- From: Felix Sasaki <fsasaki@w3.org>
- Date: Tue, 12 Jul 2016 08:18:08 +0200
- To: public-i18n-its-ig@w3.org
- Message-Id: <38BF99D8-2559-4C19-93B9-78BB2D5B400E@w3.org>
Hi all, thanks to the Mike Smith there is now a language detection feature in the W3C validator. See https://validator.w3.org/nu/?doc=https%3A%2F%2Fw3.org&out=json <https://validator.w3.org/nu/?doc=https://w3.org&out=json> https://validator.w3.org/nu/?doc=https%3A%2F%2Fw3.org&out=xml <https://validator.w3.org/nu/?doc=https://w3.org&out=xml> For examples.
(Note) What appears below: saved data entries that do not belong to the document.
lemma kron_one_row_mult_vec_bound:
  fixes R :: "real mat"
  assumes R: "R \<in> carrier_mat 1 m" and v: "v \<in> carrier_vec (N * m)" and "i < N"
    and entries: "\<And>j. j < m \<Longrightarrow> \<bar>R $$ (0, j)\<bar> \<le> b"
  shows "\<bar>(kron (1\<^sub>m N) R *\<^sub>v v) $ i\<bar> \<le> b * (\<Sum>l<N * m. \<bar>v $ l\<bar>)"
proof -
  have dims: "dim_row (kron (1\<^sub>m N) R) = N" "dim_col (kron (1\<^sub>m N) R) = N * m"
    using R unfolding kron_def by auto
  have entry: "\<bar>kron (1\<^sub>m N) R $$ (i, l)\<bar> \<le> b" if "l < N * m" for l
  proof -
    have "0 < m"
      using that by (auto intro: Nat.gr0I)
    then have "0 \<le> b"
      using entries[of 0] by linarith
    then show ?thesis
      using kron_one_row_entry[OF R \<open>i < N\<close> that] entries[of "l mod m"] \<open>0 < m\<close> by auto
  qed
  have "(kron (1\<^sub>m N) R *\<^sub>v v) $ i = (\<Sum>l<N * m. kron (1\<^sub>m N) R $$ (i, l) * v $ l)"
    using dims \<open>i < N\<close> v by (simp add: scalar_prod_def atLeast0LessThan)
  also have "\<bar>\<dots>\<bar> \<le> (\<Sum>l<N * m. \<bar>kron (1\<^sub>m N) R $$ (i, l) * v $ l\<bar>)"
    by (rule sum_abs)
  also have "\<dots> \<le> (\<Sum>l<N * m. b * \<bar>v $ l\<bar>)"
    using entry by (intro sum_mono) (simp add: abs_mult mult_right_mono)
  finally show ?thesis
    by (simp add: sum_distrib_left)
qed

lemma omega_d_carrier:
  assumes "K5 \<in> carrier_mat 1 n"
  shows "omega_d N A C K5 K6 e0 k \<in> carrier_vec N"
  using assms unfolding omega_d_def kron_def carrier_vec_def by simp

lemma omega_d_geometric_decay:
  assumes A: "A \<in> carrier_mat m m" and C: "C \<in> carrier_mat 1 m"
    and K5: "K5 \<in> carrier_mat 1 m" and K6: "K6 \<in> carrier_mat m 1"
    and spec: "\<forall>ev. eigenvalue (map_mat complex_of_real (A + K6 * C)) ev \<longrightarrow> cmod ev < 1"
    and e0: "e0 \<in> carrier_vec (N * m)"
  obtains c r where "0 < r" "r < 1" "\<And>k i. i < N \<Longrightarrow> \<bar>omega_d N A C K5 K6 e0 k $ i\<bar> \<le> c * r ^ k"
proof -
  define B where "B = A + K6 * C"
  define K where "K = K5 * K6 * C"
  have B: "B \<in> carrier_mat m m" and K: "K \<in> carrier_mat 1 m"
    unfolding B_def K_def using A C K5 K6 by (auto intro!: add_carrier_mat mult_carrier_mat)
  obtain c r where "0 < r" "r < 1"
    and power: "\<And>k a j. a < m \<Longrightarrow> j < m \<Longrightarrow> \<bar>(B ^\<^sub>m k) $$ (a, j)\<bar> \<le> c * r ^ k"
    by (rule real_matrix_power_geometric_decay[OF B spec[folded B_def]]) blast
  define \<kappa> where "\<kappa> = (\<Sum>a<m. \<bar>K $$ (0, a)\<bar>)"
  have row: "\<bar>(K * B ^\<^sub>m k) $$ (0, j)\<bar> \<le> \<kappa> * c * r ^ k" if "j < m" for k j
  proof -
    have "(K * B ^\<^sub>m k) $$ (0, j) = (\<Sum>a<m. K $$ (0, a) * (B ^\<^sub>m k) $$ (a, j))"
      using K B that by (simp add: scalar_prod_def atLeast0LessThan)
    also have "\<bar>\<dots>\<bar> \<le> (\<Sum>a<m. \<bar>K $$ (0, a) * (B ^\<^sub>m k) $$ (a, j)\<bar>)"
      by (rule sum_abs)
    also have "\<dots> \<le> (\<Sum>a<m. \<bar>K $$ (0, a)\<bar> * (c * r ^ k))"
      using power that by (intro sum_mono) (simp add: abs_mult mult_left_mono)
    finally show ?thesis
      unfolding \<kappa>_def by (simp add: sum_distrib_right mult.assoc)
  qed
  define E where "E = (\<Sum>l<N * m. \<bar>e0 $ l\<bar>)"
  have "\<bar>omega_d N A C K5 K6 e0 k $ i\<bar> \<le> \<kappa> * c * E * r ^ k" if "i < N" for k i
  proof -
    have "omega_d N A C K5 K6 e0 k = kron (1\<^sub>m N) (K * B ^\<^sub>m k) *\<^sub>v e0"
      unfolding omega_d_def K_def B_def ..
    moreover have "K * B ^\<^sub>m k \<in> carrier_mat 1 m"
      using K B by simp
    ultimately show ?thesis
      using kron_one_row_mult_vec_bound[OF _ e0 that row] unfolding E_def by (simp add: ac_simps)
  qed
  then show ?thesis
    by (rule that[OF \<open>0 < r\<close> \<open>r < 1\<close>])
qed

section \<open>Consensus under a summable disturbance\<close>

lemma union_edges_shift:
  "union_edges (\<lambda>t. P (k + t)) N id s M = union_edges P N id (k + s) M"
proof -
  have "(\<exists>t\<in>{k + s..k + s + M}. Q t) \<longleftrightarrow> (\<exists>t\<in>{s..s + M}. Q (k + t))" for Q
  proof
    assume "\<exists>t\<in>{k + s..k + s + M}. Q t"
    then obtain t where "t \<in> {k + s..k + s + M}" "Q t" by blast
    then show "\<exists>t\<in>{s..s + M}. Q (k + t)" by (intro bexI[of _ "t - k"]) auto
  qed auto
  then show ?thesis unfolding union_edges_def by simp
qed

lemma trancl_crossing_edge:
  assumes "(r, v) \<in> E\<^sup>+" "r \<in> S" "v \<notin> S"
  obtains j i where "(j, i) \<in> E" "j \<in> S" "i \<notin> S"
  using assms by (induction rule: trancl_induct) auto

lemma convergent_if_increments_summable:
  fixes f e :: "nat \<Rightarrow> real"
  assumes "summable e" "\<And>t. 0 \<le> e t" and step: "\<And>t. f (Suc t) \<le> f t + e t"
    and lower: "\<And>t. c \<le> f t"
  shows "convergent f"
proof -
  define g where "g t = f t - sum e {..<t}" for t
  have "decseq g"
    unfolding decseq_Suc_iff g_def using step by (simp add: diff_le_eq)
  moreover have "c - suminf e \<le> g t" for t
    using lower[of t] sum_le_suminf[OF \<open>summable e\<close>, of "{..<t}"] assms(2)
    unfolding g_def by simp
  ultimately obtain L where "g \<longlonglongrightarrow> L"
    using decseq_convergent by blast
  then have "(\<lambda>t. g t + sum e {..<t}) \<longlonglongrightarrow> L + suminf e"
    using summable_LIMSEQ[OF \<open>summable e\<close>] by (intro tendsto_add)
  then show ?thesis
    unfolding g_def convergent_def by auto
qed

locale consensus_weights =
  fixes N :: nat and P :: "nat \<Rightarrow> nat \<Rightarrow> nat \<Rightarrow> real" and \<delta> :: real and M :: nat
  assumes weights_nonneg: "\<And>t i j. i < N \<Longrightarrow> j < N \<Longrightarrow> 0 \<le> P t i j"
    and row_sum: "\<And>t i. i < N \<Longrightarrow> (\<Sum>j<N. P t i j) = 1"
    and diag_ge: "\<And>t i. i < N \<Longrightarrow> \<delta> \<le> P t i i"
    and positive_weight_ge: "\<And>t i j. i < N \<Longrightarrow> j < N \<Longrightarrow> 0 < P t i j \<Longrightarrow> \<delta> \<le> P t i j"
    and delta_pos: "0 < \<delta>"
    and jointly_connected: "\<And>k. quasi_strongly_connected N (union_edges P N id k M)"
begin

lemma N_pos: "0 < N"
  using jointly_connected[of 0] unfolding quasi_strongly_connected_def by auto

lemma weights_shift: "consensus_weights N (\<lambda>t. P (k + t)) \<delta> M"
  by unfold_locales
    (use weights_nonneg row_sum diag_ge positive_weight_ge delta_pos jointly_connected
      in \<open>simp_all add: union_edges_shift\<close>)

end

locale perturbed_consensus = consensus_weights +
  fixes x w :: "nat \<Rightarrow> nat \<Rightarrow> real" and e :: "nat \<Rightarrow> real"
  assumes recursion: "\<And>t i. i < N \<Longrightarrow> x (Suc t) i = (\<Sum>j<N. P t i j * x t j) + w t i"
    and disturbance_le: "\<And>t i. i < N \<Longrightarrow> \<bar>w t i\<bar> \<le> e t"
begin

lemma uminus: "perturbed_consensus N P \<delta> M (\<lambda>t i. - x t i) (\<lambda>t i. - w t i) e"
  by unfold_locales (use recursion disturbance_le in \<open>simp_all add: sum_negf\<close>)

lemma shift: "perturbed_consensus N (\<lambda>t. P (k + t)) \<delta> M (\<lambda>t. x (k + t)) (\<lambda>t. w (k + t)) (\<lambda>t. e (k + t))"
proof -
  interpret shifted: consensus_weights N "\<lambda>t. P (k + t)" \<delta> M
    by (rule weights_shift)
  show ?thesis by unfold_locales (use recursion disturbance_le in simp_all)
qed

lemma e_nonneg: "0 \<le> e t"
  using disturbance_le[OF N_pos, of t] by linarith

lemma step_le:
  assumes upper: "\<forall>j<N. x t j \<le> U" and "j0 < N" and low: "x t j0 \<le> U - \<beta>" and "0 \<le> \<beta>"
    and i: "i < N" and weight: "\<delta> \<le> P t i j0"
  shows "x (Suc t) i \<le> U + e t - \<delta> * \<beta>"
proof -
  have "(\<Sum>j<N. P t i j * x t j) \<le> (\<Sum>j<N. P t i j * (U - (if j = j0 then \<beta> else 0)))"
    by (rule sum_mono, rule mult_left_mono) (use upper low weights_nonneg[OF i] in auto)
  also have "\<dots> = (\<Sum>j<N. P t i j * U - (if j = j0 then P t i j * \<beta> else 0))"
    by (rule sum.cong) (auto simp: right_diff_distrib)
  also have "\<dots> = U - P t i j0 * \<beta>"
    using row_sum[OF i] \<open>j0 < N\<close> by (simp add: sum_subtractf flip: sum_distrib_right)
  also have "\<dots> \<le> U - \<delta> * \<beta>"
    using weight \<open>0 \<le> \<beta>\<close> by (simp add: mult_right_mono)
  finally show ?thesis
    using recursion[OF i, of t] disturbance_le[OF i, of t] by linarith
qed

lemma upper_bound_propagates:
  assumes "\<forall>i<N. x 0 i \<le> B" and "i < N"
  shows "x s i \<le> B + sum e {..<s}"
  using \<open>i < N\<close>
proof (induction s arbitrary: i)
  case (Suc s)
  have "x (Suc s) i \<le> (B + sum e {..<s}) + e s - \<delta> * 0"
    by (rule step_le[of s _ i]) (use Suc diag_ge in auto)
  then show ?case by simp
qed (use assms in auto)

lemma margin_persists:
  assumes init: "\<forall>i<N. x 0 i \<le> B" and i: "i < N"
    and margin: "x s i \<le> B + sum e {..<s} - \<beta>" and "0 \<le> \<beta>"
  shows "x (s + d) i \<le> B + sum e {..<s + d} - \<delta> ^ d * \<beta>"
proof (induction d)
  case (Suc d)
  have "x (Suc (s + d)) i \<le> (B + sum e {..<s + d}) + e (s + d) - \<delta> * (\<delta> ^ d * \<beta>)"
    by (rule step_le[OF _ i Suc.IH _ i]) (use upper_bound_propagates[OF init] diag_ge i delta_pos \<open>0 \<le> \<beta>\<close> in auto)
  then show ?case by (simp add: algebra_simps)
qed (use margin in simp)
Explanation from Mike: In the JSON output you should see that the JSON object has a “language” key at the top level, and in the XML you should that the root “messages” object has a “language” child element. The “language” value is a BCP 47 language tag. If the “language” is absent in the JSON/XML output, that indicates the language could not be determine with enough confidence. Example in curl: curl -X POST -H "Content-Type: text/html; charset=utf-8" -d 'HTML document here' "https://validator.w3.org/nu/?out=json" Output in JSON: { "messages": [ ... ], "language": "en" } This has a great potential to automatize language processing workflows on the web. - Felix
Received on Tuesday, 12 July 2016 06:18:24 UTC